What you have to do: Copy whichever lines of the data hold the word "defines".

==== Supplied entries ====

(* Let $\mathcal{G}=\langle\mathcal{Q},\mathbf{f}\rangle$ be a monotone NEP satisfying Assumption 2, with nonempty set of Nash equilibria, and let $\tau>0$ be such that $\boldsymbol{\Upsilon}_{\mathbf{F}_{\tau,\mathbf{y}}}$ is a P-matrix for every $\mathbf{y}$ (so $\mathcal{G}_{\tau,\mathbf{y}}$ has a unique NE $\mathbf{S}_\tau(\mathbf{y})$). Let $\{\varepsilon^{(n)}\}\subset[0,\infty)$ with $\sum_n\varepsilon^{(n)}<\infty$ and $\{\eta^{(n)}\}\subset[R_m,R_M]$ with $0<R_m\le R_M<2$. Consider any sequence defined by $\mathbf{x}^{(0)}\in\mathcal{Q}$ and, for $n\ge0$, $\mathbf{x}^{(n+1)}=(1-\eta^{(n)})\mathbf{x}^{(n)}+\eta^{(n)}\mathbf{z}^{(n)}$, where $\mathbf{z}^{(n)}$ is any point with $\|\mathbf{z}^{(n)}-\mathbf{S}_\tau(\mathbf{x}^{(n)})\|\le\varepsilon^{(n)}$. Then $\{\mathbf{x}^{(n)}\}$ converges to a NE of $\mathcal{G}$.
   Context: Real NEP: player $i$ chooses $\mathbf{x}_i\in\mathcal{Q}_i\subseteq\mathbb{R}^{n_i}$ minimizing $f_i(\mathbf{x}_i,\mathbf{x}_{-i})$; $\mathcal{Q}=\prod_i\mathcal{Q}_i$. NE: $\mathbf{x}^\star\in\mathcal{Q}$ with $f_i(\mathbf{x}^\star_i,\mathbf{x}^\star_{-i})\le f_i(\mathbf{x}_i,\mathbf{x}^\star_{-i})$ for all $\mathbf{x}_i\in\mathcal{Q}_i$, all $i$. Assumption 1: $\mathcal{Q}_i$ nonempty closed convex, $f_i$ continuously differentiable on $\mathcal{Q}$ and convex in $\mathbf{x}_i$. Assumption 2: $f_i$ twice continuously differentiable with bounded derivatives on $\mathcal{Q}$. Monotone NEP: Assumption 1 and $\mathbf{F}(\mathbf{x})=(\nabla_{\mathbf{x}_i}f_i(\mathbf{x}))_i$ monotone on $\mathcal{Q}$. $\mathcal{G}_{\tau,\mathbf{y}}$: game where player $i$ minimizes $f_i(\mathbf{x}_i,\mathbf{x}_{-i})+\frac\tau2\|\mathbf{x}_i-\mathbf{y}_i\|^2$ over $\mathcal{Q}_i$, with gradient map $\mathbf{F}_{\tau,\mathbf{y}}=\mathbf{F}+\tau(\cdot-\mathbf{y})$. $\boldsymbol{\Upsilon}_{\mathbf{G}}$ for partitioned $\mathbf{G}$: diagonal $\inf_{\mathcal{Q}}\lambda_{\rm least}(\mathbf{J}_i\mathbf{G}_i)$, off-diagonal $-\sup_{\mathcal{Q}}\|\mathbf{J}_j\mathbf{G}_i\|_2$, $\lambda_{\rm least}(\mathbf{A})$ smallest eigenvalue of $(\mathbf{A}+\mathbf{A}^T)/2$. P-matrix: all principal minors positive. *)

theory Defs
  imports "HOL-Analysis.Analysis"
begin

====
==== Supplied entries ====

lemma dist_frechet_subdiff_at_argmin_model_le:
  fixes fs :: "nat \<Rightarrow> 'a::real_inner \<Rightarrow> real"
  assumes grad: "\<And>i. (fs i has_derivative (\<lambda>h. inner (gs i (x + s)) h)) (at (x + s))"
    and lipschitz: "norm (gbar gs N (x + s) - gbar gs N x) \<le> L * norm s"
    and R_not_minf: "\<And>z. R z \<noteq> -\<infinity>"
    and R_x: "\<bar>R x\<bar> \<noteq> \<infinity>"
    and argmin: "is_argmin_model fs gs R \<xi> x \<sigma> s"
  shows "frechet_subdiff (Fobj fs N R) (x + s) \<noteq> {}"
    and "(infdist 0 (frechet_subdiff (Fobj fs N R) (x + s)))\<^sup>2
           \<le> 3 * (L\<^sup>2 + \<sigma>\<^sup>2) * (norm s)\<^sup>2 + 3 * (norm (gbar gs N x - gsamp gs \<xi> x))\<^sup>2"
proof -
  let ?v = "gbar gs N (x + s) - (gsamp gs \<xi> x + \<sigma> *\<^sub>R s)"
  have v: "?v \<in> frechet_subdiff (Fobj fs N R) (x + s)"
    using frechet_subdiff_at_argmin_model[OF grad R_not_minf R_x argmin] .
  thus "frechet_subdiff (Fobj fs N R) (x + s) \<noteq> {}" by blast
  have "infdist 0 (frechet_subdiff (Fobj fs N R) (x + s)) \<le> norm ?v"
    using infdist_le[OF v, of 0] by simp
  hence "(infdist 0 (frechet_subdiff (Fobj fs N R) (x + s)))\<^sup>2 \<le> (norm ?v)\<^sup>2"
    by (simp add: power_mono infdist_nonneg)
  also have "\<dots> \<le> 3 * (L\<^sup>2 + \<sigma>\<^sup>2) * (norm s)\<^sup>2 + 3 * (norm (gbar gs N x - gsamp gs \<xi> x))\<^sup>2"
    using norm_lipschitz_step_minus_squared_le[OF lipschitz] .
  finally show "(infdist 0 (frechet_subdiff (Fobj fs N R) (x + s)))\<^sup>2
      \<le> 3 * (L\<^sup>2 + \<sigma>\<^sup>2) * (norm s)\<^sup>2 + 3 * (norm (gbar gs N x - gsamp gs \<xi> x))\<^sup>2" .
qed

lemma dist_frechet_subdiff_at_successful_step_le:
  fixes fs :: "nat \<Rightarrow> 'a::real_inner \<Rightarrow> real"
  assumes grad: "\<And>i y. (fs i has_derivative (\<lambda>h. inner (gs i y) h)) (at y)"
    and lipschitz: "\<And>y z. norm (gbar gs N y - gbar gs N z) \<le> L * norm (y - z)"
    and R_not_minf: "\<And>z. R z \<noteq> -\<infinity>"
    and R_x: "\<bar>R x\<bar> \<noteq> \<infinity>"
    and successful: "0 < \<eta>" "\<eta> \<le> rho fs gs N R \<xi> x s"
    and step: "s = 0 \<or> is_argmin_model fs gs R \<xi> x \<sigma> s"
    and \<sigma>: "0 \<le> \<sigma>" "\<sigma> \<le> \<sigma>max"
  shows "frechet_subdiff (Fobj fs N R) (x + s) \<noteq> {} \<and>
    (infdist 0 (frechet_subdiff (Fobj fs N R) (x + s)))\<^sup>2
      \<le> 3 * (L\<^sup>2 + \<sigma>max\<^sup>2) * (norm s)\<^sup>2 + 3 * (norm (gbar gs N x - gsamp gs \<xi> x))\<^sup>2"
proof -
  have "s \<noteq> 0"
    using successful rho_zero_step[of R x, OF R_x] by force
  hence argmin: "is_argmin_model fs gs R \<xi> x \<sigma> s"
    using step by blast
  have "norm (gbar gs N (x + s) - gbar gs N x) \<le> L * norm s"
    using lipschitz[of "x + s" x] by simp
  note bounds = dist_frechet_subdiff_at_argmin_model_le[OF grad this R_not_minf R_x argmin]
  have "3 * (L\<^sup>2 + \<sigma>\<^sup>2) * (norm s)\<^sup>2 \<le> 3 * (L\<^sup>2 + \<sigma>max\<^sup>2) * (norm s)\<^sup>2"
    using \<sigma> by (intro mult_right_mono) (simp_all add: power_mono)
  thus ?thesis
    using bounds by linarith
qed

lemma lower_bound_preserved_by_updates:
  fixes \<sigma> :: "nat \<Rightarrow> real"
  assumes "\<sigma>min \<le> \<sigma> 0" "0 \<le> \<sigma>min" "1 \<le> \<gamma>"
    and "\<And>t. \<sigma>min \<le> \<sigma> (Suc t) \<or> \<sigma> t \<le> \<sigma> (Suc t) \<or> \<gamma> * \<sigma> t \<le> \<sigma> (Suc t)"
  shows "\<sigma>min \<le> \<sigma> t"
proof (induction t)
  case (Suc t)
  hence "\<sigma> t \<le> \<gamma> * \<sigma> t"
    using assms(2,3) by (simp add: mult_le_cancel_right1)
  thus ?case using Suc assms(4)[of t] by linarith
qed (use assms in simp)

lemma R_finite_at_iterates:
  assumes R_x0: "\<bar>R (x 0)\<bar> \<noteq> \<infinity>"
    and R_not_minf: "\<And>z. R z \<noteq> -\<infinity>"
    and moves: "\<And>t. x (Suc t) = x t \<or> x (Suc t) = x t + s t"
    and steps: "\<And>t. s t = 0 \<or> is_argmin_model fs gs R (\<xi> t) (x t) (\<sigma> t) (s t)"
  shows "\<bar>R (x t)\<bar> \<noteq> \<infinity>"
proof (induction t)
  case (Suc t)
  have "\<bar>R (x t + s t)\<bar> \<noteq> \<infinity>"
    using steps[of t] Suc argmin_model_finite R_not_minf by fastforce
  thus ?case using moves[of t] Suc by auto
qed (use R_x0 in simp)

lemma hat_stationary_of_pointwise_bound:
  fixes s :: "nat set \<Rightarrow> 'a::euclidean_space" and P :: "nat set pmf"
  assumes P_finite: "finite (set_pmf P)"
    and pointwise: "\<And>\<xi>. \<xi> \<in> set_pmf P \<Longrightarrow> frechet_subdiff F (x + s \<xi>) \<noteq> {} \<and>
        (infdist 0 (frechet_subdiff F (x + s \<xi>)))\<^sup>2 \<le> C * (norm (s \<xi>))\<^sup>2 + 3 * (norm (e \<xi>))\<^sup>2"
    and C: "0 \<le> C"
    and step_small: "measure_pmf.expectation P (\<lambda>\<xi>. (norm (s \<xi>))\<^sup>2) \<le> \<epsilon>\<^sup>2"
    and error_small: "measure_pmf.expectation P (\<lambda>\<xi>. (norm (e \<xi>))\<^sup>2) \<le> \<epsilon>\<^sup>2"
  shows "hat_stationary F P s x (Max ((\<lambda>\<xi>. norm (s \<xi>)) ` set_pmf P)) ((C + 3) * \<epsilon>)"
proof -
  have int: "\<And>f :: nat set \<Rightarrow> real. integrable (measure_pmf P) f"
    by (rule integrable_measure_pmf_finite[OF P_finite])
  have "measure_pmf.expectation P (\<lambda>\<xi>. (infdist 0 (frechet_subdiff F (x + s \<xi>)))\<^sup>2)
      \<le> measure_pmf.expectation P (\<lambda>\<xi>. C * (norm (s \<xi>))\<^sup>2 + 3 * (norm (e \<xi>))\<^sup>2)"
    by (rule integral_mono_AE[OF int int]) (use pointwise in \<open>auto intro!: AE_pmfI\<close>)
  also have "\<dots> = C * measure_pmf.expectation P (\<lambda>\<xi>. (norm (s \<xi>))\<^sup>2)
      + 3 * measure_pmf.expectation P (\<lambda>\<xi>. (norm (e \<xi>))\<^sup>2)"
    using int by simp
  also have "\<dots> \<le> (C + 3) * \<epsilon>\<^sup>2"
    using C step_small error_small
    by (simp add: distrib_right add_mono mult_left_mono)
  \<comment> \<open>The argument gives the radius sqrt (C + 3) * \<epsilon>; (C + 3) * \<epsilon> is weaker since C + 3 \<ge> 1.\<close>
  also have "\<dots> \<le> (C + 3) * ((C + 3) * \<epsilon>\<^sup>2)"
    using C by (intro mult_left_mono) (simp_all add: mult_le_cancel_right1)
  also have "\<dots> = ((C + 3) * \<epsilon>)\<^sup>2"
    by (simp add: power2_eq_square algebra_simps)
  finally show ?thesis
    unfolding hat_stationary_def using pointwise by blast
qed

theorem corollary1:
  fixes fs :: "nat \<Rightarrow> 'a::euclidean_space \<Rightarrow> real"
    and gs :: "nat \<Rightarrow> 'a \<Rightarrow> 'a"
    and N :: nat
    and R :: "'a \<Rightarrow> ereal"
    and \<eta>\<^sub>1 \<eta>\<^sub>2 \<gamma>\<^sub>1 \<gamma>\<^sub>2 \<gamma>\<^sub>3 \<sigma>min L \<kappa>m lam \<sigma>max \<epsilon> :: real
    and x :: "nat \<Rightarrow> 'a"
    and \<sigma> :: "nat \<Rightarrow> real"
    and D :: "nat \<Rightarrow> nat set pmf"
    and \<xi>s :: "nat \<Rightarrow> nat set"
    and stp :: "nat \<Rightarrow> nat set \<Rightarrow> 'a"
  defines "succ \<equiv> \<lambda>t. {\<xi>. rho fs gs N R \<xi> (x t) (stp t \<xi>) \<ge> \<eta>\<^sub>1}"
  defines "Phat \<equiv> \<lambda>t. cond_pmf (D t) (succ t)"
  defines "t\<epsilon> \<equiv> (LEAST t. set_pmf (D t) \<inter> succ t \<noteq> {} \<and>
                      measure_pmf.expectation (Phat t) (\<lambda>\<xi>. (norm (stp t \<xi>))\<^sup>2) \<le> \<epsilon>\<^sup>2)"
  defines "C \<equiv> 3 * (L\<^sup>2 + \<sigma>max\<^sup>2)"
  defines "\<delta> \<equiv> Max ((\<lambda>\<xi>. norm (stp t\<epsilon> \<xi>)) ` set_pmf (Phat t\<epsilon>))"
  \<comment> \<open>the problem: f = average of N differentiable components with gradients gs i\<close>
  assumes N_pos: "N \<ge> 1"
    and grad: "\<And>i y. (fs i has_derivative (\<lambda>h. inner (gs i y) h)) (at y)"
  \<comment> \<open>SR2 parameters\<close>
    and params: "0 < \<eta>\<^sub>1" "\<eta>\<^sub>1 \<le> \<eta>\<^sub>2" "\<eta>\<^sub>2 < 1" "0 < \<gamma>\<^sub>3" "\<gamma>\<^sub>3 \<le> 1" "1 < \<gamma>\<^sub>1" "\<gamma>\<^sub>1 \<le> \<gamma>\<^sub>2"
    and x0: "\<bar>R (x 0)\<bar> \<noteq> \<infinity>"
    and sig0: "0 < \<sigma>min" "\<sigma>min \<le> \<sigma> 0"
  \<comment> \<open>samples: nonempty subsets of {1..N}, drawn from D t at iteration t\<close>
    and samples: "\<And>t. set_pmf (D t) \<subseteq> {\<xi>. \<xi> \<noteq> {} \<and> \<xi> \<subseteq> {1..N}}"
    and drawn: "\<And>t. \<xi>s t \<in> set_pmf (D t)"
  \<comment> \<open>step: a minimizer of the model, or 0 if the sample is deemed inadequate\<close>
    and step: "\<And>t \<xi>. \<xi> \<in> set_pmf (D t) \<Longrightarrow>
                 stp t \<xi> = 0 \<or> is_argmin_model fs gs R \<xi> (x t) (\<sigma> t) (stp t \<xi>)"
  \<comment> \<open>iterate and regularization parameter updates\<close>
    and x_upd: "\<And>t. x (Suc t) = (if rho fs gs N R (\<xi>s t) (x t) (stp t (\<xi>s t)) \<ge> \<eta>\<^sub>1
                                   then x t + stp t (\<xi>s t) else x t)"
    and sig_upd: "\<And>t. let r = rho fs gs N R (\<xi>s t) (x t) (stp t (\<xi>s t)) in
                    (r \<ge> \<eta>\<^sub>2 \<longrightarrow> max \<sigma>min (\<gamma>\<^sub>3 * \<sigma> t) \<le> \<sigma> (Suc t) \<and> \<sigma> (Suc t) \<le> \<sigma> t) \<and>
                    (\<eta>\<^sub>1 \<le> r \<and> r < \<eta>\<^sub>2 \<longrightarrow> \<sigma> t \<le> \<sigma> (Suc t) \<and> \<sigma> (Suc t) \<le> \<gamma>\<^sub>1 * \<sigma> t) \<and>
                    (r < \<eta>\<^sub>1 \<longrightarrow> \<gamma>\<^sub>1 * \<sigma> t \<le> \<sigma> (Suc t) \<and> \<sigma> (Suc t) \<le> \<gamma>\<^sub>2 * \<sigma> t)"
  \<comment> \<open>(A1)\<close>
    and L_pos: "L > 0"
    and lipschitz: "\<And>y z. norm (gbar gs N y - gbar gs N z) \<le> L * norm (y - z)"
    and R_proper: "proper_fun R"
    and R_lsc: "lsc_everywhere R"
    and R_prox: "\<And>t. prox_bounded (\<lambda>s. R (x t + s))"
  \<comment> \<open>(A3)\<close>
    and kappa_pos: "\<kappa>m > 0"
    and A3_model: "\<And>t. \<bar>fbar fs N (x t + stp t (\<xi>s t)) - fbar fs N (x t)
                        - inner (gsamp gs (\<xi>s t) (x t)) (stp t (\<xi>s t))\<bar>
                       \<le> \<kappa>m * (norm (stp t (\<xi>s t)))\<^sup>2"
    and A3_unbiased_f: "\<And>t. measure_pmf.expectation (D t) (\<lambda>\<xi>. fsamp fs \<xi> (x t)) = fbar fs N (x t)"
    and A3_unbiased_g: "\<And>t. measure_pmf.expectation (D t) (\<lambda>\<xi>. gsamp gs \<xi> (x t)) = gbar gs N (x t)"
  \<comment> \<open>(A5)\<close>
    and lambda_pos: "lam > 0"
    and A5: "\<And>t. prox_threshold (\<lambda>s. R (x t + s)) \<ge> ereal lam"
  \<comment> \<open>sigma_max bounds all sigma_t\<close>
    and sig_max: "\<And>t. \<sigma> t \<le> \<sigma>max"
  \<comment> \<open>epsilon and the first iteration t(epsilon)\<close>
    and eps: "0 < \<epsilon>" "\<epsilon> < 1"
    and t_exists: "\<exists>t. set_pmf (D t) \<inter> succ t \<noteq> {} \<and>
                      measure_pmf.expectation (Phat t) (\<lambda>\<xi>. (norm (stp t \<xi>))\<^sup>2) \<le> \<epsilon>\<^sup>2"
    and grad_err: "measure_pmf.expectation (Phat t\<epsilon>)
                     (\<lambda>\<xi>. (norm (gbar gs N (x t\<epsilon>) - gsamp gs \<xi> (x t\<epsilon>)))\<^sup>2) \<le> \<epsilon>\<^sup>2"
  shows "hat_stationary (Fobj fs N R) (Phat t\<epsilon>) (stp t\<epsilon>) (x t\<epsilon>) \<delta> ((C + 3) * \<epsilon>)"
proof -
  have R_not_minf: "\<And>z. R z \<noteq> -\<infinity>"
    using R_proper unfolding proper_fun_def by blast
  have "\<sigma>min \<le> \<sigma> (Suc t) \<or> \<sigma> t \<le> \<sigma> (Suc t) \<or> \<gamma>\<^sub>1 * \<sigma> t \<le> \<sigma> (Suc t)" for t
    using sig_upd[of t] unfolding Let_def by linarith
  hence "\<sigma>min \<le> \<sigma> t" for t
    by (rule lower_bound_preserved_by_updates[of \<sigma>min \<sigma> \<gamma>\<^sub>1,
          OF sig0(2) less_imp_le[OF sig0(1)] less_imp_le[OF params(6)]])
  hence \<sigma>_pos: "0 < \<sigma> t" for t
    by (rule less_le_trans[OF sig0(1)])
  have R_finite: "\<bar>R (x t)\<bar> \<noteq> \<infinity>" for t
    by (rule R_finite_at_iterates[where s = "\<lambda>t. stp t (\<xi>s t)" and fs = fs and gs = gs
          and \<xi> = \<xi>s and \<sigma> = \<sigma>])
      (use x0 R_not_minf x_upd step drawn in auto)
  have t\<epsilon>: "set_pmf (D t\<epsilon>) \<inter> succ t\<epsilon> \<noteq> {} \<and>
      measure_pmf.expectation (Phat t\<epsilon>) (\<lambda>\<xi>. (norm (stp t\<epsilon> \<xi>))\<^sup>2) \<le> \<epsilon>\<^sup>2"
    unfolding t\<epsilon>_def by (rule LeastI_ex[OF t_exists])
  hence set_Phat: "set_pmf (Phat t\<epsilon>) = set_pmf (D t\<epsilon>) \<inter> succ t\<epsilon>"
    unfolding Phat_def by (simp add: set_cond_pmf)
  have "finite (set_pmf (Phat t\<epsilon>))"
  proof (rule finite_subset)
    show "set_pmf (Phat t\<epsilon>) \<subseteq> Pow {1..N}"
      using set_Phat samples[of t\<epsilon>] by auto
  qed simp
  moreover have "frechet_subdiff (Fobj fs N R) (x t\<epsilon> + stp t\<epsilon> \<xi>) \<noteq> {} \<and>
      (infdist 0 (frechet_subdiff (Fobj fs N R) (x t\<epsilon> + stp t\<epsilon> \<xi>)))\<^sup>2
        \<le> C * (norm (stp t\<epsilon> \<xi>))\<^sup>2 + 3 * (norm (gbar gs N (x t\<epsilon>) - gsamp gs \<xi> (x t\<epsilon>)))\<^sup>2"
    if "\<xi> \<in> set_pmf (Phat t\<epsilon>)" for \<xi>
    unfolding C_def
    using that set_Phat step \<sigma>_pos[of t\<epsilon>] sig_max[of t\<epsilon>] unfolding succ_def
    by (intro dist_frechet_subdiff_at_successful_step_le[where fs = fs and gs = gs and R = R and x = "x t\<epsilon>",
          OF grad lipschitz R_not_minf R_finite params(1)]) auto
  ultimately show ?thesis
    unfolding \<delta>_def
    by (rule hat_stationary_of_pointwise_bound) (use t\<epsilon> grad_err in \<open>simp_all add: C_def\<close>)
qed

====

Exercise solution:
  defines "succ \<equiv> \<lambda>t. {\<xi>. rho fs gs N R \<xi> (x t) (stp t \<xi>) \<ge> \<eta>\<^sub>1}"
  defines "Phat \<equiv> \<lambda>t. cond_pmf (D t) (succ t)"
  defines "t\<epsilon> \<equiv> (LEAST t. set_pmf (D t) \<inter> succ t \<noteq> {} \<and>
  defines "C \<equiv> 3 * (L\<^sup>2 + \<sigma>max\<^sup>2)"
  defines "\<delta> \<equiv> Max ((\<lambda>\<xi>. norm (stp t\<epsilon> \<xi>)) ` set_pmf (Phat t\<epsilon>))"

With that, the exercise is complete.